あの日から、鎖骨や肋骨そして胸の谷間の始まりが作り出す翳りのあるデコルテ崇拝が始まった。パーンと張り詰めた若さを前面に出したようなものではなく、年齢を重ね、胸の重みとの戦いを制したデコルテが好きだ。
女性の美しさはデコルテしだいだと思うが、一般的には胸の膨らみの方が関心をひくらしい。それは胸が人目にさらされず、秘められた存在だからなのかもしれない。
 
小さな事件が起こった。
自分史上最高にセクシーな1枚を撮るという企画に惹かれてしまった。
コスチュームに身を包みポーズをとれば、プロのカメラマンがセクシーさをどこかから探し出し、作品に落とし込でくれるものだと思っていた。記念写真のようなものしかカメラマンと名のつく人に撮られたことのない経験値の少なさがそう思わせた。縁のなかった世界に足を踏み入れるワクワク感で胸が高鳴った。
 
「甘かった」と悟るまでには時間はかからなかった。
用意されたコスチュームと参加者の意気込みがそれに気づかせた。
覚悟を迫られた。
 
オリエンタルな雰囲気を醸し出す黒髪の若い女性が先頭を切った。
長い手足を武器に、そしてぽってりとした色っぽい唇を持つその女性は、次々とポーズをとった。

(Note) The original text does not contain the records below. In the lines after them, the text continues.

lemma chinese_remainder_prime_factors:
  fixes n :: nat and f :: "nat \<Rightarrow> int"
  assumes "n \<noteq> 0"
  shows "\<exists>a\<in>Zmod n. \<forall>p\<in>prime_factors n. [a = f p] (mod int p)"
proof -
  have "\<forall>p\<in>prime_factors n. \<forall>q\<in>prime_factors n. p \<noteq> q \<longrightarrow> coprime p q"
    by (auto intro: primes_coprime)
  then obtain x where x: "\<forall>p\<in>prime_factors n. [x = nat (f p mod int p)] (mod p)"
    using chinese_remainder_nat[of "prime_factors n" "\<lambda>p. p" "\<lambda>p. nat (f p mod int p)"] by auto
  have "[int x mod int n = f p] (mod int p)" if "p \<in> prime_factors n" for p
  proof -
    have "0 < p" "int p dvd int n"
      using that by (auto simp: in_prime_factors_iff prime_gt_0_nat)
    have "[int x mod int n = int x] (mod int n)"
      by (simp add: cong_def)
    then have "[int x mod int n = int x] (mod int p)"
      using \<open>int p dvd int n\<close> by (rule cong_dvd_modulus)
    moreover have "[int x = f p mod int p] (mod int p)"
      using x that \<open>0 < p\<close> cong_int_iff[of x "nat (f p mod int p)" p] by simp
    ultimately show ?thesis
      by (simp add: cong_def)
  qed
  moreover have "int x mod int n \<in> Zmod n"
    using assms by (simp add: Zmod_def)
  ultimately show ?thesis
    by blast
qed

lemma jacobi_sym_squarefree:
  assumes "squarefree n"
  shows "jacobi_sym n a = (\<Prod>p\<in>prime_factors n. Legendre a (int p))"
  unfolding jacobi_sym_def by (rule prod.cong) (simp_all add: multiplicity_squarefree[OF assms])

lemma jacobi_sym_cong:
  assumes "[a = b] (mod int n)"
  shows "jacobi_sym n a = jacobi_sym n b"
  unfolding jacobi_sym_def
proof (rule prod.cong)
  fix p
  assume "p \<in> prime_factors n"
  then have "int p dvd int n"
    by (simp add: in_prime_factors_iff)
  then have "[a = b] (mod int p)"
    by (rule cong_dvd_modulus[OF assms])
  then show "Legendre a (int p) ^ multiplicity p n = Legendre b (int p) ^ multiplicity p n"
    by (simp add: Legendre_cong)
qed simp

lemma jacobi_sym_mult:
  assumes "\<forall>p\<in>prime_factors n. 2 < p"
  shows "jacobi_sym n (a * b) = jacobi_sym n a * jacobi_sym n b"
  unfolding jacobi_sym_def prod.distrib[symmetric] power_mult_distrib[symmetric]
  using assms by (intro prod.cong) (auto simp: Legendre_mult in_prime_factors_iff)

lemma jacobi_sym_1: "jacobi_sym n 1 = 1"
  unfolding jacobi_sym_def by (intro prod.neutral) (auto simp: Legendre_1 in_prime_factors_iff)

lemma mod_in_Sgrp:
  assumes "n \<noteq> 0" "coprime a (int n)" "jacobi_sym n a = 1"
  shows "a mod int n \<in> Sgrp n"
proof -
  have "jacobi_sym n (a mod int n) = 1"
    using assms(3) jacobi_sym_cong[of "a mod int n" a n] by (simp add: cong_def)
  then show ?thesis
    using assms(1,2) unfolding Sgrp_def Umod_def Zmod_def by simp
qed

lemma mult_mod_in_Sgrp:
  assumes "n \<noteq> 0" "\<forall>p\<in>prime_factors n. 2 < p" "a \<in> Sgrp n" "b \<in> Sgrp n"
  shows "(a * b) mod int n \<in> Sgrp n"
proof (rule mod_in_Sgrp[OF assms(1)])
  show "coprime (a * b) (int n)"
    using assms(3,4) unfolding Sgrp_def Umod_def by simp
  show "jacobi_sym n (a * b) = 1"
    using assms(3,4) jacobi_sym_mult[OF assms(2)] unfolding Sgrp_def by simp
qed

lemma exists_inverse_in_Sgrp:
  assumes "n \<noteq> 0" "\<forall>p\<in>prime_factors n. 2 < p" "a \<in> Sgrp n"
  shows "\<exists>a'\<in>Sgrp n. [a * a' = 1] (mod int n)"
proof -
  obtain a' where a': "[a * a' = 1] (mod int n)"
    using assms(3) cong_solve_coprime_int unfolding Sgrp_def Umod_def by blast
  have "coprime (a * a') (int n)"
    using cong_imp_coprime[OF cong_sym[OF a']] by simp
  moreover have "jacobi_sym n a * jacobi_sym n a' = 1"
    using jacobi_sym_cong[OF a'] jacobi_sym_mult[OF assms(2)] jacobi_sym_1 by simp
  ultimately have "a' mod int n \<in> Sgrp n"
    using assms(3) mod_in_Sgrp[OF assms(1), of a'] unfolding Sgrp_def by simp
  moreover have "[a * (a' mod int n) = 1] (mod int n)"
    using a' by (simp add: cong_def mod_mult_right_eq)
  ultimately show ?thesis
    by blast
qed

lemma not_cong_0_if_coprime:
  fixes n :: nat
  assumes "n \<noteq> 1" "coprime a (int n)"
  shows "\<not> [a = 0] (mod int n)"
proof
  assume "[a = 0] (mod int n)"
  then have "is_unit (int n)"
    using assms(2) coprime_absorb_right[of "int n" a] by (simp add: cong_0_iff)
  with assms(1) show False
    by simp
qed


section \<open>From local to global zero-sums\<close>

lemma in_Sgrp_if_local_symbols:
  assumes "squarefree n" "a \<in> Zmod n"
    and "\<forall>p\<in>prime_factors n. [a = w p] (mod int p) \<and> \<not> int p dvd w p"
    and "(\<Prod>p\<in>prime_factors n. Legendre (w p) (int p)) = 1"
  shows "a \<in> Sgrp n"
proof -
  have "n \<noteq> 0"
    using assms(1) by (cases "n = 0") auto
  have "\<forall>p\<in>prime_factors n. \<not> int p dvd a"
    using assms(3) cong_dvd_iff by blast
  then have "coprime a (int n)"
    using coprime_int_iff_prime_factors[OF \<open>n \<noteq> 0\<close>] by blast
  moreover have "jacobi_sym n a = (\<Prod>p\<in>prime_factors n. Legendre (w p) (int p))"
    unfolding jacobi_sym_squarefree[OF assms(1)] using assms(3)
    by (intro prod.cong) (auto intro: Legendre_cong)
  ultimately show ?thesis
    using assms(2,4) unfolding Sgrp_def Umod_def by simp
qed

lemma has_wzs_Sgrp_if_symbols_one:
  assumes "squarefree n" "I \<subseteq> {..<length xs}" "I \<noteq> {}"
    and local: "\<forall>p\<in>prime_factors n. local_zero_sum p I (w p) xs"
    and symbols: "\<forall>i\<in>I. (\<Prod>p\<in>prime_factors n. Legendre (w p i) (int p)) = 1"
  shows "has_wzs n (Sgrp n) xs"
proof -
  let ?P = "prime_factors n"
  have "n \<noteq> 0"
    using assms(1) by (cases "n = 0") auto
  then have "\<forall>i. \<exists>a\<in>Zmod n. \<forall>p\<in>?P. [a = w p i] (mod int p)"
    by (intro allI chinese_remainder_prime_factors)
  then obtain a where a: "\<forall>i. a i \<in> Zmod n \<and> (\<forall>p\<in>?P. [a i = w p i] (mod int p))"
    using choice[of "\<lambda>i a. a \<in> Zmod n \<and> (\<forall>p\<in>?P. [a = w p i] (mod int p))"] by blast
  have weights: "\<forall>i\<in>I. a i \<in> Sgrp n"
  proof
    fix i
    assume "i \<in> I"
    show "a i \<in> Sgrp n"
      by (rule in_Sgrp_if_local_symbols[OF assms(1), where w = "\<lambda>p. w p i"])
        (use a local symbols \<open>i \<in> I\<close> in \<open>auto simp: local_zero_sum_def\<close>)
  qed
  have "\<forall>p\<in>?P. int p dvd (\<Sum>i\<in>I. a i * xs ! i)"
  proof
    fix p
    assume p: "p \<in> ?P"
    then have "[(\<Sum>i\<in>I. a i * xs ! i) = (\<Sum>i\<in>I. w p i * xs ! i)] (mod int p)"
      using a by (intro cong_sum cong_mult cong_refl) blast
    moreover have "[(\<Sum>i\<in>I. w p i * xs ! i) = 0] (mod int p)"
      using local p unfolding local_zero_sum_def by blast
    ultimately show "int p dvd (\<Sum>i\<in>I. a i * xs ! i)"
      using cong_trans[of _ _ "int p" 0] by (simp add: cong_0_iff)
  qed
  then have "[(\<Sum>i\<in>I. a i * xs ! i) = 0] (mod int n)"
    unfolding cong_0_iff by (rule int_dvd_if_prime_factors_dvd[OF assms(1)])
  then show ?thesis
    unfolding has_wzs_def using assms(2,3) weights by blast
qed

text \<open>A term divisible by the prime \<open>r\<close> contributes nothing to the local sum at \<open>r\<close>, so its
  weight there may be multiplied by a nonresidue; this repairs the symbol of every non-unit.\<close>

lemma has_wzs_Sgrp_if_unit_symbols_one:
  assumes "squarefree n" "\<forall>p\<in>prime_factors n. 2 < p" "I \<subseteq> {..<length xs}" "I \<noteq> {}"
    and local: "\<forall>p\<in>prime_factors n. local_zero_sum p I (w p) xs"
    and units: "\<forall>i\<in>I. coprime (xs ! i) (int n) \<longrightarrow> (\<Prod>p\<in>prime_factors n. Legendre (w p i) (int p)) = 1"
  shows "has_wzs n (Sgrp n) xs"
proof -
  let ?P = "prime_factors n"
  have n: "n \<noteq> 0"
    using assms(1) by (cases "n = 0") auto
  have odd_prime: "\<forall>p\<in>?P. prime p \<and> 2 < p"
    using assms(2) by (auto simp: in_prime_factors_iff)
  then have "\<forall>p\<in>?P. \<exists>g. Legendre g (int p) = -1"
    using exists_nonresidue by blast
  then obtain g where g: "\<forall>p\<in>?P. Legendre (g p) (int p) = -1"
    using bchoice[of ?P "\<lambda>p g. Legendre g (int p) = -1"] by blast
  define E where "E i = (\<Prod>p\<in>?P. Legendre (w p i) (int p))" for i
  have "\<forall>i\<in>I. \<exists>r. E i \<noteq> 1 \<longrightarrow> r \<in> ?P \<and> int r dvd xs ! i"
    using units coprime_int_iff_prime_factors[OF n] unfolding E_def by blast
  then obtain r where r: "\<forall>i\<in>I. E i \<noteq> 1 \<longrightarrow> r i \<in> ?P \<and> int (r i) dvd xs ! i"
    using bchoice[of I "\<lambda>i r. E i \<noteq> 1 \<longrightarrow> r \<in> ?P \<and> int r dvd xs ! i"] by blast
  define w' where "w' p i = (if E i \<noteq> 1 \<and> p = r i then g p * w p i else w p i)" for p i
  have "\<forall>p\<in>?P. local_zero_sum p I (w' p) xs"
  proof
    fix p
    assume p: "p \<in> ?P"
    then have "\<not> int p dvd g p" "prime (int p)"
      using g odd_prime Legendre_eq_0_iff[of "g p" "int p"] by auto
    then have "\<forall>i\<in>I. w' p i \<noteq> w p i \<longrightarrow> int p dvd xs ! i \<and> \<not> int p dvd w' p i"
      using r local p unfolding w'_def local_zero_sum_def by (auto simp: prime_dvd_mult_iff)
    then show "local_zero_sum p I (w' p) xs"
      using local p local_zero_sum_change_at_multiples by blast
  qed
  moreover have "(\<Prod>p\<in>?P. Legendre (w' p i) (int p)) = 1" if i: "i \<in> I" for i
  proof (cases "E i = 1")
    case False
    then have "E i = -1"
      using prod_Legendre_unit[of ?P "\<lambda>p. w p i"] local i unfolding E_def local_zero_sum_def by auto
    have "(\<Prod>p\<in>?P. Legendre (w' p i) (int p)) =
        (\<Prod>p\<in>?P. Legendre (if p = r i then g p * w p i else w p i) (int p))"
      using False by (simp add: w'_def)
    also have "\<dots> = Legendre (g (r i)) (int (r i)) * E i"
      unfolding E_def using False r i odd_prime by (intro prod_Legendre_mult_at) auto
    finally show ?thesis
      using \<open>E i = -1\<close> g r i False by simp
  qed (simp add: w'_def E_def)
  ultimately show ?thesis
    using has_wzs_Sgrp_if_symbols_one[OF assms(1,3,4)] by blast
qed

「それいいね」そんな声をかけながら、勝ちの1枚を求めて次々とシャッターが切られた。
「そうか、そんな風にポーズをとるんだ」見ながら学習を進めた。
 
スポットライトに当たる気持ち良さとは裏腹に、華のない存在の自分にめげた。
何かがブレーキをかけている。
躊躇するポージング。
待ちの姿勢の私。
覚悟は決まったが冴えない自分がいた。
表現力を持たない手足に戸惑った。
「頑張れ自分!」そんな声が聞こえる。
 
「腹がなあ」の一言にハッとした。
最近はトレーニングをサボりがちだ。無意識なうちにだらけた自分をさらけ出していた。セクシーショットに余計なものを蓄積した腹が写り込んでいた。ポーズ以前に個体の造型に問題有りか。プロの手にかかってもあるものをないように写すことは難しい。
 
腹の中央に走る一本のライン。そしてその横の三日月ライン。
それらが美しい陰を作る。
腹を敵視しつつ意識を向けた。
デコルテにはない陰影を持ち美しい。なるほど腹は肝だわ。胸よりさらに奥まったところに位置し、多くは覆い隠されて過ごしている。
 
緊張感のかけた私の腹には三日月はいなかった。
さらに密かに観察した。
ポージングの合間のほんの一瞬だけ三日月が現れることがある。シークエンスを意識すればないものもあるように見せることができるかもしれない。きつめに骨盤を前傾させれば腹筋を引き伸し、体幹を回旋させることで腹斜筋をきつめに緊張させればなんとかなるかもしれない。頭で戦略を練った。
冷静に分析する頭の中とは裏腹に、そのスタジオはますます熱気に包まれていった。
 
興奮する女子の声が、楽しい温泉旅行を連想させた。普段は服の下でおとなしく過ごしている秘められた場所が、解放され話題に上がる。まるで温泉の脱衣所にいるように、身につけたものをどんどん脱ぎ捨てていく。そのことを脳が全く拒否しなくなってきた。気兼ねなく脱ぎ捨てていく。普段とは違う格好でおしゃべりに華を咲かす。ファイダー越しに覗く目が男子のものであることを思い出すが、熱気に包まれすぐに気にならなくなる。
 
腕のポーズがクローズドなものは流れるようなラインを作り肢体を綺麗にみせ、オープンなものは躍動感を与えた。見え隠れする陰影の美しさは身体を作りこんだ結果であり、ふとした仕草が感じさせるカッコ良さは水面下での努力の賜物だった。
 
美しさは作り上げるものだ。
だとしたら私だって可能かもしれない。
境界線を超える覚悟をした撮影後は、妙に気分がいい。
ふとした仕草に意識が向く。生活に今まで以上の張りが生まれた。なぜか身体がよく動く。仕事が楽しくなってくる。自然と口角が上がる。四肢の隅々までに意識がむかう。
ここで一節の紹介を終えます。